Верховный суд Германии не поддержал принцип «единой нации». Однако генерал-полковник Маркус Вольф, начальник главного управления «А» МГБ ГДР, и некоторые его подчиненные, которые лично курировали агентов из Восточного Берлина, были осуждены за измену еще до этого решения. Вольфа приговорили к шести годам тюремного заключения. Этот приговор, а также те, что были вынесены соратникам Вольфа, постановлением верховного суда были отменены. Верховный суд отказался учесть то обстоятельство, что эти люди добыли самые ценные сведения, составлявшие государственную военную тайну ФРГ, и передали их КГБ. Максимальное наказание за государственную измену — пожизненное заключение. Отменяя приговор Вольфу, суд заявил, что генерала нельзя судить, поскольку он действовал только с территории Восточной Германии и в рамках восточно-германских законов.

Однако Вольфа снова предали суду по обвинению в похищении людей и причинении ущерба их здоровью. На этот раз следствие действовало на основании законов ГДР. 24 мая 1955 года Вольф письменно одобрил план похищения сотрудницы американской миссии в Западном Берлине. Эта женщина давала агенту Штази уроки английского, не подозревая, естественно, о том, кем в действительности является ее ученик. Агент Штази обманом заманил эту женщину и ее мать в свой автомобиль и отвез их в советский сектор Берлина, где они были арестованы. Сотрудницу миссии подвергли серьезному психологическому воздействию. Ей угрожали тюремным заключением, если она откажется подписать обязательство работать на Штази, и она согласилась. Однако вернувшись в американский сектор, она рассказала обо всем сотрудникам контрразведки. Таким образом, Вольф совершил преступление, наказуемое по законам ФРГ тюремным заключением на срок до 15 лет. В марте 1997 года он был признан виновным и приговорен к двум годам условно.

Те, кто оспаривал применение срока давности к коммунистическим преступлениям, особенно к казням граждан, бежавших на Запад, проводили параллели с печально известными приказами Адольфа Гитлера. Фюрер приказал расстреливать на месте взятых в плен политработников Красной Армии и начать массовое уничтожение евреев. Вскоре после войны суд постановил, что эти приказы имели силу закона. Когда этот закон был объявлен преступным и бундестаг ФРГ задним числом отменил его, течение срока давности было приостановлено, что, впрочем, не имело значения, так как многие из тех, кто был судим за выполнение приказов фюрера, уже были казнены союзниками. Верховный суд относительно приказа стрелять по лицам, пытавшимся перебежать в Западную Германию, вынес такое же решение, как и бундестаг, то есть о неприменении к таким делам срока давности. Это решение позволило привлечь к суду членов Совета национальной обороны, ответственных за формулировку или введение в действие этого приказа. Был предан суду ряд пограничников, застреливших граждан ГДР при попытке нелегально пересечь границу.

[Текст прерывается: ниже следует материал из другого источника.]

definition sigma_star_open :: "('h::chilbert_space \<Rightarrow> 'h) set \<Rightarrow> (('h \<Rightarrow> 'h) set \<times> (('h \<Rightarrow> 'h) \<Rightarrow> complex)) set \<Rightarrow> bool" where
  "sigma_star_open A U \<longleftrightarrow>
     U \<subseteq> Sigma_set A \<and>
     (\<forall>C \<in> abelian_subalgebras A. openin (spectrum_top C) (slice U C)) \<and>
     (\<forall>C l D. (C, l) \<in> U \<longrightarrow> D \<in> abelian_subalgebras A \<longrightarrow> D \<subseteq> C \<longrightarrow> (D, restr D l) \<in> U)"

definition Sigma_star :: "('h::chilbert_space \<Rightarrow> 'h) set \<Rightarrow> (('h \<Rightarrow> 'h) set \<times> (('h \<Rightarrow> 'h) \<Rightarrow> complex)) topology" where
  "Sigma_star A = topology (sigma_star_open A)"

end

theory Submission
  imports Defs
begin

text \<open>
  Say that a point (D, mu) of Sigma* lies above C with
  trace in T when C is contained in D and the restriction of mu to C lies in T.  Restriction
  is continuous, so for closed T this set is closed in Sigma*; and the closure of a point
  (C, l) is exactly the set of points lying above C with trace l, because closed sets of
  Sigma* are closed under passing to larger algebras.  Now let F be irreducible and closed
  with C minimal among the algebras meeting F.  The points of F over subalgebras of C form
  an open set whose complement in F misses the slice F_C, so irreducibility forces every
  point of F to lie above C with trace in F_C.  Two distinct characters in F_C differ at some
  operator, so the character space is covered by two closed sets each missing one of them;
  this would split F again.  Hence F_C = {l}, and F is the closure of (C, l).
\<close>

lemma bounded_clinearI:
  "(\<And>x y. T (x + y) = T x + T y) \<Longrightarrow> (\<And>c x. T (cscale c x) = cscale c (T x))
    \<Longrightarrow> (\<And>x. norm (T x) \<le> norm x * K) \<Longrightarrow> bounded_clinear T"
  unfolding bounded_clinear_def by blast

lemma bounded_clinear_add_apply: "bounded_clinear T \<Longrightarrow> T (x + y) = T x + T y"
  unfolding bounded_clinear_def by blast

lemma bounded_clinear_cscale_apply: "bounded_clinear T \<Longrightarrow> T (cscale c x) = cscale c (T x)"
  unfolding bounded_clinear_def by blast

lemma bounded_clinear_nonneg_bound:
  assumes "bounded_clinear T"
  obtains K where "K \<ge> 0" "\<And>x. norm (T x) \<le> norm x * K"
proof -
  obtain K where K: "\<And>x. norm (T x) \<le> norm x * K"
    using assms unfolding bounded_clinear_def by blast
  have "norm (T x) \<le> norm x * max K 0" for x
    using K[of x] mult_left_mono[of K "max K 0" "norm x"] by simp
  moreover have "max K 0 \<ge> 0" by simp
  ultimately show thesis using that by blast
qed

Главный прокурор Хайнер Зауэр, ранее возглавлявший западногерманское Бюро регистрации политических преступлений, особое внимание уделял пограничным инцидентам. Это учреждение, расположенное в Зальцгиттере, ФРГ, было создано после того, как 13 августа 1961 года была воздвигнута Берлинская стена. Вилли Брандт, бывший в то время мэром Западного Берлина, решил, что необходимо регистрировать все преступления, совершенные восточно-германскими пограничниками. По его приказу была учреждена центральная регистратура для регистрации всех случаев, когда пограничники ГДР открывали стрельбу по безоружным беглецам, а также других серьезных инцидентов. С 13 августа 1961 года и до открытия границы 9 ноября 1989 года было зарегистрировано 186 убийств на границе. Однако когда были открыты архивы Штази, следователи обнаружили, что за попытку перебежать на Запад своими жизнями заплатили по меньшей мере 825 человек. Эту цифру и передали в суд, судивший бывших членов Совета национальной обороны. Помимо этих пограничных инцидентов регистратура учитывала также подобные преступления, совершавшиеся внутри ГДР. К осени 1991 года ведомство Зауэра зарегистрировало 4444 случая убийств или покушений на убийство и около 40 000 приговоров, которые суды ГДР вынесли за «политические преступления».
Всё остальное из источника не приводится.